Modernism, experimentation and the avant-garde were served up by performances from the last living member of one the vanguard German synth outfits of the 1970s, and the Ukrainian progenitor of Continuous Music. Kosmische would very well not exist without the trio of explorers, Hans-Joachim Roedelius, Dieter Moebius, and Conrad Schnitzler, and their ventures together as Cluster. The elder and final member of this defining outfit, Roedelius chronicled their genesis within the Krautrock and Kosmnische scenes for Perfect Sound Forever as an outcome of Schnitzler's love of Joseph Beuys and the Fluxus movement. On the night of his extended performance in Seattle one could hear the confluence of Elektronische and Krautrock, alongside the reciprocal inspiration the trio had on the then-developing solo career of Brian Eno. The legendary producer's now canonical "Music for Films" and first volume in the ambient series, "Music for Airports" followed directly on the heels of the collaborations spawned by this meeting of "Cluster & Eno", and their second album, "After the Heat". Cluster's legacy extending far beyond 1970s and early 80s European synthesizer music, their hand can be seen in "The Discreet Music of Brian Eno", and the very formation of modern ambient music. This year also saw the return of Ukrainian composer Lubomyr Melnyk after his appearance at the final Northwest edition of Substrata Festival. His self-coined Continuous Music bears some relation to the longform Indian Ragas of LaMonte Young or Terry Riley, while embracing the density of Charlemagne Palestine, wedded to the repetitive patterned dichotomy of minimalism vs maximalism heard in Steve Reich or Philip Glass. Through marathon performances bending those forms to the service of tonal, harmonious beauty, the composer's perspective from the piano bench sees him, "Lightning-fast Pianist Lubomyr Melnyk: 'When I Play I Turn into an Eagle Flying'". Returning for his fourth occasion in Seattle, Typonexus Globalist Series presented two nights hosted at their Nuclear Recital series and Chapel Performance Space, featuring music from this, "Enigmatic Ukrainian-born Pianist, Who Looks like Rasputin's Doppelgänger".

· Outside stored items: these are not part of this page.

(* Let $b\ge 2$ be an integer. Every natural number that is antipalindromic in base $b$ and whose base-$b$ expansion has an odd number of digits is divisible by $\frac{b-1}{2}$ (in particular, $b$ is then odd, so $\frac{b-1}{2}$ is an integer).
   Context: For an integer $b\ge 2$, every natural number $m$ has a unique base-$b$ expansion $m=a_nb^n+\dots+a_1b+a_0$ with $a_0,\dots,a_n\in\{0,1,\dots,b-1\}$ and $a_n\neq 0$ (it has $n+1$ digits). The number $m$ is antipalindromic in base $b$ if $a_j=b-1-a_{n-j}$ for all $j\in\{0,1,\dots,n\}$. *)

theory Defs
  imports Main
begin

definition digit :: "nat \<Rightarrow> nat \<Rightarrow> nat \<Rightarrow> nat" where
  "digit b m j = (m div b ^ j) mod b"

text \<open>Number of base-b digits of m, i.e. n+1 where a_n is the leading nonzero digit
  (for m > 0 and b >= 2): the least k with m < b^k.\<close>
definition num_digits :: "nat \<Rightarrow> nat \<Rightarrow> nat" where
  "num_digits b m = (LEAST k. m < b ^ k)"

text \<open>Natural numbers with a base-b expansion having a
  nonzero leading digit are the positive ones.\<close>
definition antipalindromic :: "nat \<Rightarrow> nat \<Rightarrow> bool" where
  "antipalindromic b m \<longleftrightarrow> m > 0 \<and>
     (\<forall>j \<le> num_digits b m - 1.
        digit b m j = b - 1 - digit b m (num_digits b m - 1 - j))"

end

theory Submission
  imports Defs
begin

text \<open>Pairing the digit a_j with a_{n-j} shows that the digits of an antipalindromic
  number with N digits add up to N(b-1)/2; for odd N the middle digit satisfies
  2 a_{n/2} = b - 1, so b is odd. Since b \<equiv> 1 modulo c = (b-1)/2, a number is
  congruent to its digit sum modulo c, and that digit sum N c is divisible by c.\<close>

lemma digit_less: "0 < b \<Longrightarrow> digit b m j < b"
  by (simp add: digit_def)

lemma mod_power_eq_sum_digits: "m mod b ^ n = (\<Sum>j<n. digit b m j * b ^ j)"
proof (induction n)
  case 0
  then show ?case by simp
next
  case (Suc n)
  have "m mod b ^ Suc n = b ^ n * (m div b ^ n mod b) + m mod b ^ n"
    using mod_mult2_eq[of m "b ^ n" b] by (simp add: mult.commute)
  with Suc show ?case by (simp add: digit_def mult.commute)
qed

lemma less_power_num_digits:
  assumes "2 \<le> b"
  shows "m < b ^ num_digits b m"
proof -
  have "m < 2 ^ m" by (rule less_exp)
  also have "(2::nat) ^ m \<le> b ^ m" using assms by (rule power_mono) simp
  finally show ?thesis unfolding num_digits_def by (rule LeastI)
qed

lemma mod_eq_mod_sum_digits:
  assumes "0 < b" and "c dvd b - 1" and "m < b ^ n"
  shows "m mod c = (\<Sum>j<n. digit b m j) mod c"
proof -
  have "b mod c = 1 mod c"
    using assms(1,2) mod_eq_dvd_iff_nat[of 1 b c] by simp
  then have power_mod_1: "b ^ j mod c = 1 mod c" for j
    by (metis power_mod power_one)
  have "m mod c = (\<Sum>j<n. digit b m j * b ^ j) mod c"
    using assms(3) mod_power_eq_sum_digits[of m b n] by simp
  also have "\<dots> = (\<Sum>j<n. digit b m j * b ^ j mod c) mod c"
    by (rule mod_sum_eq[symmetric])
  also have "(\<Sum>j<n. digit b m j * b ^ j mod c) = (\<Sum>j<n. digit b m j mod c)"
    by (rule sum.cong) (simp_all add: mod_mult_right_eq[of _ "b ^ _", symmetric] power_mod_1)
  also have "(\<Sum>j<n. digit b m j mod c) mod c = (\<Sum>j<n. digit b m j) mod c"
    by (rule mod_sum_eq)
  finally show ?thesis .
qed

lemma antipalindromic_digit_pair:
  assumes "0 < b" and "antipalindromic b m" and "j < num_digits b m"
  shows "digit b m j + digit b m (num_digits b m - 1 - j) = b - 1"
proof -
  let ?N = "num_digits b m"
  have "digit b m i = b - 1 - digit b m (?N - 1 - i)" if "i \<le> ?N - 1" for i
    using assms(2) that unfolding antipalindromic_def by blast
  from this[of "?N - 1 - j"] have "digit b m (?N - 1 - j) = b - 1 - digit b m j"
    using assms(3) by (simp add: Suc_diff_Suc)
  with digit_less[OF assms(1), of m j] show ?thesis by simp
qed

lemma antipalindromic_sum_digits:
  assumes "0 < b" and "antipalindromic b m"
  shows "2 * (\<Sum>j<num_digits b m. digit b m j) = num_digits b m * (b - 1)"
proof -
  let ?N = "num_digits b m"
  have "2 * (\<Sum>j<?N. digit b m j) = (\<Sum>j<?N. digit b m j) + (\<Sum>j<?N. digit b m (?N - Suc j))"
    by (simp add: sum.nat_diff_reindex)
  also have "\<dots> = (\<Sum>j<?N. digit b m j + digit b m (?N - 1 - j))"
    by (simp add: sum.distrib)
  also have "\<dots> = (\<Sum>j<?N. b - 1)"
    using antipalindromic_digit_pair[OF assms] by simp
  finally show ?thesis by simp
qed

lemma antipalindromic_odd_length_imp_odd_base:
  assumes "0 < b" and "antipalindromic b m" and "odd (num_digits b m)"
  shows "odd b"
proof -
  obtain k where "num_digits b m = 2 * k + 1"
    using assms(3) oddE by blast
  then have "digit b m k + digit b m k = b - 1"
    using antipalindromic_digit_pair[OF assms(1,2), of k] by simp
  then have "b = 2 * digit b m k + 1"
    using assms(1) by simp
  then show ?thesis by presburger
qed

theorem mainTheorem4:
  fixes b m :: nat
  assumes "b \<ge> 2"
    and "antipalindromic b m"
    and "odd (num_digits b m)"
  shows "odd b \<and> ((b - 1) div 2) dvd m"
proof
  have "0 < b" using assms(1) by simp
  show odd_b: "odd b"
    using antipalindromic_odd_length_imp_odd_base[OF \<open>0 < b\<close> assms(2,3)] .
  define c where "c = (b - 1) div 2"
  have b_minus_1: "b - 1 = 2 * c"
    using odd_b \<open>0 < b\<close> c_def by simp
  then have "c dvd b - 1" by simp
  have digit_sum: "(\<Sum>j<num_digits b m. digit b m j) = num_digits b m * c"
    using antipalindromic_sum_digits[OF \<open>0 < b\<close> assms(2)] b_minus_1 by simp
  have "m mod c = (\<Sum>j<num_digits b m. digit b m j) mod c"
    by (rule mod_eq_mod_sum_digits[OF \<open>0 < b\<close> \<open>c dvd b - 1\<close> less_power_num_digits[OF assms(1)]])
  then show "c dvd m"
    unfolding digit_sum by (simp add: mod_eq_0_iff_dvd)
qed

end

Contemporary electronics were seen and heard in two deeply explorative sets from The Head Technician himself, Martin Jenkins, and the return of Sean Canty and Miles Whittaker's refashioning of dance music into a cerebral body-impacting experience of noise and rhythm. Jenkins appearing in the unlikeliest of settings within Upstream Festival under his Pye Corner Audio moniker, working a set from his masterful "Stasis" album for Julian House's Ghost Box label. And on the following night, a enveloping evening of music from The House in the Woods, transported a private living room concert setting into a one-off extra-spacial dimension. Canty and Whittaker's work as Demdike Stare has expressed influences equally from mid-Century Modernism, concrete and late 1970s and 80s industrial, alongside two decades of British underground techno, bass and garage music. A sound The Quietus called, "An Unholy Matrimony: In Interview with Demdike Stare", probably best epitomized by their collected "Elemental" series of 2012. The Wire's cover feature on the duo dug deep into their circumnavigation of the pigeonholing that Canty and Whittaker began to find themselves in following the collection's release. The dance music signifiers more boldly displayed in the distended takes on UK bass music and jungle, as heard on the "Test Pressing" series successfully led to the recalibrating of their listenership for the next move in, "How Demdike Stare Traded Darkness for Dancefloor Naivety on Wonderland". Both the duo's night at Kremwerk this past summer, and "Wonderland" are of two minds; a frisson-charged electronic dance music album with peripheral vantages into an inner, brooding persona. The resulting hours of darkly propulsive, rhythmic dancefloor moves, listened as a precision-honed assembly of fractured and angular concrete sounds bent and refashioned to workmanlike utility.